Whilst some cheered, others, fearing what would come, hid (Dy 2007: 13). As confirmation of their fears, the Khmer Rouge quickly announced over the radio that high-ranking officials and military leaders from Lon Nol’s regime would be executed (Dy 2007: 13).
The Khmer Rouge rounded up and executed three senior leaders. Lon Nol was long gone, but they executed his brother, who had been a classmate of Sar’s when they were young. They also executed the Prime Minister, Long Boret (sp?), and Nol’s assistant, Prince Sirik Matak.
The US had actually offered to evacuate Matak when they abandoned the city, but Matak declined. He wrote a letter to the embassy is response. It’s short, so I’m going to quote it in full:
I thank you sincerely for your letter and your offer to transport me to freedom. I cannot, alas, leave in such a cowardly fashion. As for you, and in particular your great country, I never believed for a moment that you would have the sentiment of abandoning a people which have chosen liberty. You have refused us protection and we can do nothing about it. You leave, and my wish is that you and your country will find happiness under this sky. But mark it well, that if I shall die here on the spot and in my country that I love, it is no matter, because we are all born and must die. I have only committed the mistake of believing in Americans. Please accept, Excellency, my dear friend, my faithful and friendly sentiments. (Dy 2007: 14; Bennet & Cribb 2008: 144)
Turns out that abandoning allies that you’ve been fighting alongside is as American as apple pie. Matak was indeed killed when the Khmer Rouge took the city. His name was top of a list of seven ‘traitors’. Not all of the seven were around to be executed – Lon Nol, obviously, was already out of the country. And so was Son Ngoc Thanh, whose name also appeared on the list.
A few hours after taking the city, Khmer Rouge soldiers began firing their guns in the air, and ordered everyone to evacuate. They claimed that there was a US bombing raid imminent, and that everyone had to leave immediately. They told them not to take their belongings with them, because they would be able to return in a few days.

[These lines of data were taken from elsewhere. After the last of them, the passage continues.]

(* Let $P$ be a natural unit interval order on $[n]$ with Catalan path $C$, and let $\widetilde{C}$ be the reflection of $C$ about the line $y=n-x$ (which is again a Catalan path from $(0,0)$ to $(n,n)$). Let $\widetilde{P}$ be the natural unit interval order whose Catalan path is $\widetilde{C}$, and let $G=\mathrm{inc}(P)$, $\widetilde{G}=\mathrm{inc}(\widetilde{P})$. Then $X_G(\mathbf{x},t)=X_{\widetilde{G}}(\mathbf{x},t)$.
   Context: A natural unit interval order $P(m_1,\dots,m_{n-1})$ is defined for integers $m_1\le m_2\le\cdots\le m_{n-1}\le n$ with $m_i\ge i$ for all $i$: it is the poset on $[n]$ with $i<_P j$ iff $i<n$ and $j\in\{m_i+1,\dots,n\}$. Its incomparability graph $\mathrm{inc}(P)$ has vertex set $[n]$ and an edge $\{i,j\}$ ($i<j$) iff $j\le m_i$. The Catalan path of $P$ is the lattice path from $(0,0)$ to $(n,n)$ with unit north and east steps whose $i$-th east step lies on the line $y=m_i$ for $i=1,\dots,n-1$ and whose last east step lies on $y=n$; this gives a bijection between natural unit interval orders on $[n]$ and lattice paths from $(0,0)$ to $(n,n)$ staying weakly above $y=x$. For a graph $G$ with vertex set $V\subset\mathbb{P}$, the chromatic quasisymmetric function is $X_G(\mathbf{x},t)=\sum_\kappa t^{\mathrm{asc}(\kappa)}\mathbf{x}_\kappa$, summed over proper colorings $\kappa:V\to\mathbb{P}$, where $\mathbf{x}_\kappa=\prod_{v\in V}x_{\kappa(v)}$ and $\mathrm{asc}(\kappa)$ is the number of edges $\{i,j\}$ with $i<j$ and $\kappa(i)<\kappa(j)$. *)

theory Defs
  imports "HOL-Computational_Algebra.Polynomial"
begin

text \<open>A natural unit interval order P(m_1,...,m_{n-1}) on [n] = {1..n} is encoded by the
function m :: nat => nat, of which only the values m 1, ..., m (n-1) matter.\<close>

definition nuio :: "nat \<Rightarrow> (nat \<Rightarrow> nat) \<Rightarrow> bool" where
  "nuio n m \<longleftrightarrow>
     (\<forall>i. 1 \<le> i \<and> i < n \<longrightarrow> i \<le> m i \<and> m i \<le> n) \<and>
     (\<forall>i j. 1 \<le> i \<and> i \<le> j \<and> j < n \<longrightarrow> m i \<le> m j)"

definition nuio_less :: "nat \<Rightarrow> (nat \<Rightarrow> nat) \<Rightarrow> nat \<Rightarrow> nat \<Rightarrow> bool" where
  "nuio_less n m i j \<longleftrightarrow> 1 \<le> i \<and> i < n \<and> m i < j \<and> j \<le> n"

definition inc_vertices :: "nat \<Rightarrow> nat set" where
  "inc_vertices n = {1..n}"

definition inc_edges :: "nat \<Rightarrow> (nat \<Rightarrow> nat) \<Rightarrow> nat set set" where
  "inc_edges n m = {{i, j} | i j. 1 \<le> i \<and> i < j \<and> j \<le> n \<and> j \<le> m i}"

text \<open>Lattice paths from (0,0) to (n,n) are lists of unit steps: True = north step,
False = east step. With the conventions m_0 = 0 and m_n = n, the Catalan path of P is
N^(m_1) E N^(m_2 - m_1) E ... N^(m_n - m_(n-1)) E, i.e. the i-th east step lies on y = m_i.\<close>

definition mext :: "nat \<Rightarrow> (nat \<Rightarrow> nat) \<Rightarrow> nat \<Rightarrow> nat" where
  "mext n m i = (if i = 0 then 0 else if i < n then m i else n)"

definition catalan_path :: "nat \<Rightarrow> (nat \<Rightarrow> nat) \<Rightarrow> bool list" where
  "catalan_path n m =
     concat (map (\<lambda>i. replicate (mext n m i - mext n m (i - 1)) True @ [False]) [1..<n+1])"

text \<open>Reflection about the line y = n - x: the point (x,y) goes to (n-y, n-x); the path is
traversed backwards and north/east steps are exchanged.\<close>
definition reflect_path :: "bool list \<Rightarrow> bool list" where
  "reflect_path C = rev (map Not C)"

text \<open>Colorings are functions kappa : V -> positive integers, represented as functions
nat => nat that vanish outside V.\<close>

definition proper_coloring :: "nat set \<Rightarrow> nat set set \<Rightarrow> (nat \<Rightarrow> nat) \<Rightarrow> bool" where
  "proper_coloring V E \<kappa> \<longleftrightarrow>
     (\<forall>v\<in>V. 1 \<le> \<kappa> v) \<and> (\<forall>v. v \<notin> V \<longrightarrow> \<kappa> v = 0) \<and>
     (\<forall>e\<in>E. \<forall>i\<in>e. \<forall>j\<in>e. i \<noteq> j \<longrightarrow> \<kappa> i \<noteq> \<kappa> j)"

definition asc :: "nat set set \<Rightarrow> (nat \<Rightarrow> nat) \<Rightarrow> nat" where
  "asc E \<kappa> = card {e\<in>E. \<exists>i j. e = {i, j} \<and> i < j \<and> \<kappa> i < \<kappa> j}"

text \<open>The monomial x_kappa = prod_v x_(kappa v) is x^alpha where alpha c = number of vertices
of color c. X_G(x,t) is represented by its coefficient map: the coefficient of x^alpha is
the polynomial in t given by the sum of t^asc(kappa) over proper colorings with x_kappa = x^alpha.\<close>

definition chrom_qsym :: "nat set \<Rightarrow> nat set set \<Rightarrow> (nat \<Rightarrow> nat) \<Rightarrow> int poly" where
  "chrom_qsym V E \<alpha> =
     (\<Sum>\<kappa> \<in> {\<kappa>. proper_coloring V E \<kappa> \<and> (\<forall>c. card {v\<in>V. \<kappa> v = c} = \<alpha> c)}.
        monom 1 (asc E \<kappa>))"

end

(*
  Reflecting the Catalan path about y = n - x amounts to relabelling the vertices by
  v \<mapsto> n + 1 - v, so inc(P~) is the image of inc(P) under an order-reversing relabelling,
  which turns the ascents of a colouring into descents. Reversing the colours 1..N turns descents
  back into ascents, hence \<kappa> \<mapsto> flip N \<circ> \<kappa> \<circ> flip n matches the colourings counted by
  X_G~ at content \<alpha> with those counted by X_G at content \<alpha> \<circ> flip N, preserving ascents.
  It remains that X_G is symmetric (Shareshian-Wachs): swapping the colours c and c + 1 on the
  components of odd size of the subgraph induced by these two colours is an involution that keeps
  the number of ascents and changes the content by the transposition of c and c + 1; such
  transpositions generate the reversal of 1..N.
*)

theory Submission
  imports Defs "HOL-Combinatorics.Transposition"
begin

section \<open>The reflected order\<close>

text \<open>C reaches height b before its a-th east step.\<close>

definition reaches_height :: "bool list \<Rightarrow> nat \<Rightarrow> nat \<Rightarrow> bool" where
  "reaches_height C a b \<longleftrightarrow>
     (\<exists>k\<le>length C. b \<le> count_list (take k C) True \<and> count_list (take k C) False < a)"

lemma count_list_replicate_True [simp]:
  "count_list (replicate d True) True = d" "count_list (replicate d True) False = 0"
  by (induction d) auto

lemma count_list_take_le: "count_list (take k C) x \<le> count_list C x"
  by (metis append_take_drop_id count_list_append le_add1)

lemma count_list_drop: "count_list (drop k C) x = count_list C x - count_list (take k C) x"
  by (metis append_take_drop_id count_list_append diff_add_inverse)

lemma count_list_map_Not: "count_list (map Not C) x = count_list C (\<not> x)"
  using count_list_map_conv[of Not C "\<not> x"] by (simp add: inj_def)

lemma mext_mono:
  assumes "nuio n m" "1 \<le> i" "i \<le> n"
  shows "mext n m (i - 1) \<le> mext n m i"
  using assms unfolding nuio_def mext_def
  by (cases "i = 1") (auto simp: less_imp_diff_less)

abbreviation catalan_block :: "nat \<Rightarrow> (nat \<Rightarrow> nat) \<Rightarrow> nat \<Rightarrow> bool list" where
  "catalan_block n m i \<equiv> replicate (mext n m i - mext n m (i - 1)) True @ [False]"

lemma catalan_prefix_counts:
  assumes "nuio n m"
  shows "a \<le> n \<Longrightarrow>
    count_list (concat (map (catalan_block n m) [1..<a+1])) True = mext n m a \<and>
    count_list (concat (map (catalan_block n m) [1..<a+1])) False = a"
proof (induction a)
  case (Suc a)
  then have "mext n m a \<le> mext n m (Suc a)"
    using mext_mono[OF assms, of "Suc a"] by simp
  with Suc show ?case by simp
qed (simp add: mext_def)

lemma catalan_path_counts:
  assumes "nuio n m"
  shows "count_list (catalan_path n m) True = n" "count_list (catalan_path n m) False = n"
  using catalan_prefix_counts[OF assms order_refl] by (simp_all add: catalan_path_def mext_def)

lemma reaches_height_catalan_path:
  assumes "nuio n m" "1 \<le> a" "a \<le> n"
  shows "reaches_height (catalan_path n m) a b \<longleftrightarrow> b \<le> mext n m a"
proof -
  define X where "X = concat (map (catalan_block n m) [1..<a]) @
                      replicate (mext n m a - mext n m (a - 1)) True"
  define Y where "Y = concat (map (catalan_block n m) [a+1..<n+1])"
  have "[1..<n+1] = [1..<a] @ a # [a+1..<n+1]"
    using assms upt_add_eq_append[of 1 a "n+1-a"] upt_conv_Cons[of a "n+1"] by simp
  then have path: "catalan_path n m = X @ False # Y"
    by (simp add: catalan_path_def X_def Y_def)
  have "[1..<a] = [1..<(a-1)+1]" using assms by simp
  then have "count_list X True = mext n m a" "count_list X False = a - 1"
    using catalan_prefix_counts[OF assms(1), of "a-1"] mext_mono[OF assms] assms
    by (auto simp: X_def)
  then have counts: "count_list (take k (X @ False # Y)) True \<le> mext n m a"
    if "count_list (take k (X @ False # Y)) False < a" for k
    using that count_list_take_le[of k X True] assms
    by (cases "k \<le> length X") (auto simp: not_le Suc_diff_Suc take_Cons')
  show ?thesis
  proof
    assume "reaches_height (catalan_path n m) a b"
    then show "b \<le> mext n m a"
      unfolding reaches_height_def path using counts order_trans by blast
  next
    assume "b \<le> mext n m a"
    then show "reaches_height (catalan_path n m) a b"
      unfolding reaches_height_def path
      using \<open>count_list X True = _\<close> \<open>count_list X False = _\<close> assms
      by (intro exI[of _ "length X"]) auto
  qed
qed

lemma take_reflect_path:
  "k \<le> length C \<Longrightarrow> take k (reflect_path C) = rev (map Not (drop (length C - k) C))"
  by (simp add: reflect_path_def take_rev drop_map)

lemma length_reflect_path [simp]: "length (reflect_path C) = length C"
  by (simp add: reflect_path_def)

lemma reaches_height_reflect_path:
  assumes "count_list C True = n" "count_list C False = n" "1 \<le> a" "1 \<le> b" "b \<le> n"
  shows "reaches_height (reflect_path C) a b \<longleftrightarrow> reaches_height C (n+1-b) (n+1-a)"
proof -
  have "reaches_height (reflect_path C) a b \<longleftrightarrow>
      (\<exists>k\<le>length C. b \<le> n - count_list (take (length C - k) C) False \<and>
                     n - count_list (take (length C - k) C) True < a)"
    unfolding reaches_height_def length_reflect_path
    by (intro ex_cong1) (auto simp: take_reflect_path count_list_map_Not count_list_drop assms)
  also have "\<dots> \<longleftrightarrow> (\<exists>j\<le>length C. b \<le> n - count_list (take j C) False \<and>
                                n - count_list (take j C) True < a)"
    by (metis diff_diff_cancel diff_le_self)
  also have "\<dots> \<longleftrightarrow> reaches_height C (n+1-b) (n+1-a)"
  proof -
    have "(b \<le> n - F \<and> n - T < a) \<longleftrightarrow> (n+1-a \<le> T \<and> F < n+1-b)"
      if "T \<le> n" "F \<le> n" for T F :: nat
      using that assms by linarith
    then show ?thesis
      unfolding reaches_height_def
      using count_list_take_le[of _ C True] count_list_take_le[of _ C False] assms
      by (metis (no_types, lifting))
  qed
  finally show ?thesis .
qed

lemma mext_eq: "1 \<le> i \<Longrightarrow> i < n \<Longrightarrow> mext n m i = m i"
  by (simp add: mext_def)

lemma reflected_nuio_iff:
  assumes "nuio n m" "nuio n m'" "catalan_path n m' = reflect_path (catalan_path n m)"
    and "1 \<le> a" "a < b" "b \<le> n"
  shows "b \<le> m' a \<longleftrightarrow> n+1-a \<le> m (n+1-b)"
proof -
  have "b \<le> m' a \<longleftrightarrow> reaches_height (catalan_path n m') a b"
    using reaches_height_catalan_path[OF assms(2)] assms(4-6) by (simp add: mext_eq)
  also have "\<dots> \<longleftrightarrow> reaches_height (catalan_path n m) (n+1-b) (n+1-a)"
    unfolding assms(3) using reaches_height_reflect_path catalan_path_counts[OF assms(1)] assms(4-6)
    by simp
  also have "\<dots> \<longleftrightarrow> n+1-a \<le> m (n+1-b)"
    using reaches_height_catalan_path[OF assms(1)] assms(4-6) by (simp add: mext_eq)
  finally show ?thesis .
qed

definition flip :: "nat \<Rightarrow> nat \<Rightarrow> nat" where
  "flip N x = (if 1 \<le> x \<and> x \<le> N then N + 1 - x else x)"

lemma flip_flip [simp]: "flip N (flip N x) = x"
  by (auto simp: flip_def)

lemma flip_outside: "x \<notin> {1..N} \<Longrightarrow> flip N x = x"
  by (auto simp: flip_def)

lemma flip_in_iff [simp]: "flip N x \<in> {1..N} \<longleftrightarrow> x \<in> {1..N}"
  by (auto simp: flip_def)

lemma flip_less_flip_iff: "x \<in> {1..N} \<Longrightarrow> y \<in> {1..N} \<Longrightarrow> flip N x < flip N y \<longleftrightarrow> y < x"
  by (auto simp: flip_def)

lemma inj_flip: "inj (flip N)"
  by (metis injI flip_flip)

This plan had been agreed in private prior to taking the city, but it was known only to Pol Pot and the very inner circle (Chandler 2008: 257). By this point, Phnom Penh’s population had swollen over the last few years due to the influx of refugees. In 1975, it stood at around 2 million people.
The rationale behind the order for the evacuation isn’t entirely clear. David Chandler suggests a handful of reasons. Firstly, there was a genuine shortage of food in the city. Secondly, the Khmer Rouge considered those who had failed to support the regime as essentially traitors, and in Phnom Penh there were 2 million of them for the regime to try and deal with. Thirdly, they may have been concerned for their own security. Fourthly, Phnom Penh was essentially the epitome of everything they had come to resent through their communist ideology. Forcing people out from the corrupting influence of the city and western culture, and into the countryside – the true heart of Cambodian identity – was an ideological victory. (Chandler 2008: 257)
On top of that, their plans for the future of Cambodia involved an immediate focus on massive rice production so that the excess could be sold to buy technology. So they needed as many people working in the fields as possible.
A survivor, Theeda Mam, who was 15 at the time, gave an account in an interview in 2003 of her memory of the day the Khmer Rouge evacuated Phnom Pehn:
Along the road to get out of the city, we passed by my school. It was completely looted. The library was gone. All those beautiful, colorful books were gone. They were either burned or used for toilet paper. That's because the Khmer Rouge believed that the only way to change things was to erase everything. Their idea was to get rid of the old system, the class system, and to kill anyone who remembered it. Rumor was they wanted to start the society from scratch, age 12 and up. If they could have burned people's brains, they would have. But they couldn't. So they punished everyone who remembered. (Elizondo Griest 2003)
In her biography, written in first person by Joan Dewey Criddle, Theeda Mam recalls the inching progress of the emptying of Phom Penh, and their stay at her brother-in-law’s school:
Inching along Monivong Boulevard, we finally reached Keang’s old school. It had taken us four horrendous days to travel less than two miles. We took shelter in classrooms where Keang had sat for exams. Charred remains of desks littered the tiled floors where refugees cooked rice. The corners of the rooms were used as toilets.
My English school, next door, was a stinking shambles. Windows were smashed, the lovely grounds trampled, trees destroyed. Textbooks had provided fuel and light for squatters. That I could understand, but I could not understand the Khmer Rouge’s wanton burning of books. Stacks of books had simply been tossed out of library windows and set afire. Even the law library was destroyed.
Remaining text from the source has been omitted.